What this task involves |
Look for "theory Defs" in the records below, then copy that line and every line after it, exactly and with nothing added.

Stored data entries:
◇ ◇ ◇ ◇ ◇
(* Let $r\ge2$ and $p\ge2$ be integers, $\mathcal{A}$ the adjacency tensor of an $r$-uniform (possibly weighted) hypergraph on $n$ vertices, and $f(\mathbf{x})=(r-1)!\,\mathcal{A}\mathbf{x}^r/\|\mathbf{x}\|_p^r$. Suppose the sequence $\{\mathbf{x}_k\}$ is generated by the CSRH iteration (described in the context) from an arbitrary unit vector $\mathbf{x}_0\in\mathbb{S}^{n-1}$, that it is infinite, and that $\nabla f(\mathbf{x}_k)\neq0$ for all $k$. Then $$\lim_{k\to\infty}\|\nabla f(\mathbf{x}_k)\|=0.$$
   Context: $\mathbb{S}^{n-1}=\{\mathbf{x}\in\mathbb{R}^n:\mathbf{x}^\top\mathbf{x}=1\}$. Adjacency tensor: for a weighted $r$-uniform hypergraph with vertex set $\{1,\dots,n\}$ and edge weights $s(e)>0$, $\mathcal{A}=(a_{i_1\cdots i_r})$ is symmetric with $a_{i_1\cdots i_r}=s(e)/(r-1)!$ if $\{i_1,\dots,i_r\}=e$ is an edge and $0$ otherwise; $\mathcal{A}\mathbf{x}^r=\sum a_{i_1\cdots i_r}x_{i_1}\cdots x_{i_r}$, $(\mathcal{A}\mathbf{x}^{r-1})_i=\sum a_{ii_2\cdots i_r}x_{i_2}\cdots x_{i_r}$, $\|\mathbf{x}\|_p=(\sum|x_i|^p)^{1/p}$, $\|\cdot\|$ Euclidean. $\nabla f(\mathbf{x})=\frac{r!}{\|\mathbf{x}\|_p^r}(\mathcal{A}\mathbf{x}^{r-1}-\mathcal{A}\mathbf{x}^r\|\mathbf{x}\|_p^{-p}\mathbf{x}^{\langle p-1\rangle})$ with $(\mathbf{x}^{\langle p-1\rangle})_i=|x_i|^{p-1}\mathrm{sgn}(x_i)$. CSRH iteration: fix $0<c_1<c_2<1$, $\tfrac14<\tau<1$, $\epsilon>0$, a unit vector $\mathbf{x}_0$, and $\mathbf{p}_0=\nabla f(\mathbf{x}_0)$. At step $k$, with $\mathbf{x}_{k+1}(\alpha)=\frac{[(2-\alpha\mathbf{x}_k^\top\mathbf{p}_k)^2-\|\alpha\mathbf{p}_k\|^2]\mathbf{x}_k+4\alpha\mathbf{p}_k}{4+\|\alpha\mathbf{p}_k\|^2-(\alpha\mathbf{x}_k^\top\mathbf{p}_k)^2}$, choose $\alpha_k>0$ with $f(\mathbf{x}_{k+1}(\alpha_k))\ge f(\mathbf{x}_k)+c_1\alpha_k\nabla f(\mathbf{x}_k)^\top\mathbf{p}_k$ and $\nabla f(\mathbf{x}_{k+1}(\alpha_k))^\top\mathbf{p}_k\le c_2\nabla f(\mathbf{x}_k)^\top\mathbf{p}_k$; set $\mathbf{x}_{k+1}=\mathbf{x}_{k+1}(\alpha_k)$, $\mathbf{d}_k=\mathbf{x}_{k+1}-\mathbf{x}_k$, $\mathbf{y}_k=\nabla f(\mathbf{x}_{k+1})-\nabla f(\mathbf{x}_k)$, $\beta_k=\max(0,\tilde\beta_k)$ where $\tilde\beta_k=(\tau\mathbf{d}_k\|\mathbf{y}_k\|^2/(\mathbf{d}_k^\top\mathbf{y}_k)-\mathbf{y}_k)^\top\nabla f(\mathbf{x}_{k+1})/(\mathbf{d}_k^\top\mathbf{y}_k)$ if $|\mathbf{d}_k^\top\mathbf{y}_k|\ge\epsilon\|\mathbf{d}_k\|\|\mathbf{y}_k\|$ and $\tilde\beta_k=0$ otherwise, and $\mathbf{p}_{k+1}=\nabla f(\mathbf{x}_{k+1})+\beta_k\mathbf{d}_k$. *)

theory Defs
  imports "HOL-Analysis.Analysis"
begin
◇ ◇ ◇ ◇ ◇
Result of this exercise |
theory Defs
  imports "HOL-Analysis.Analysis"
begin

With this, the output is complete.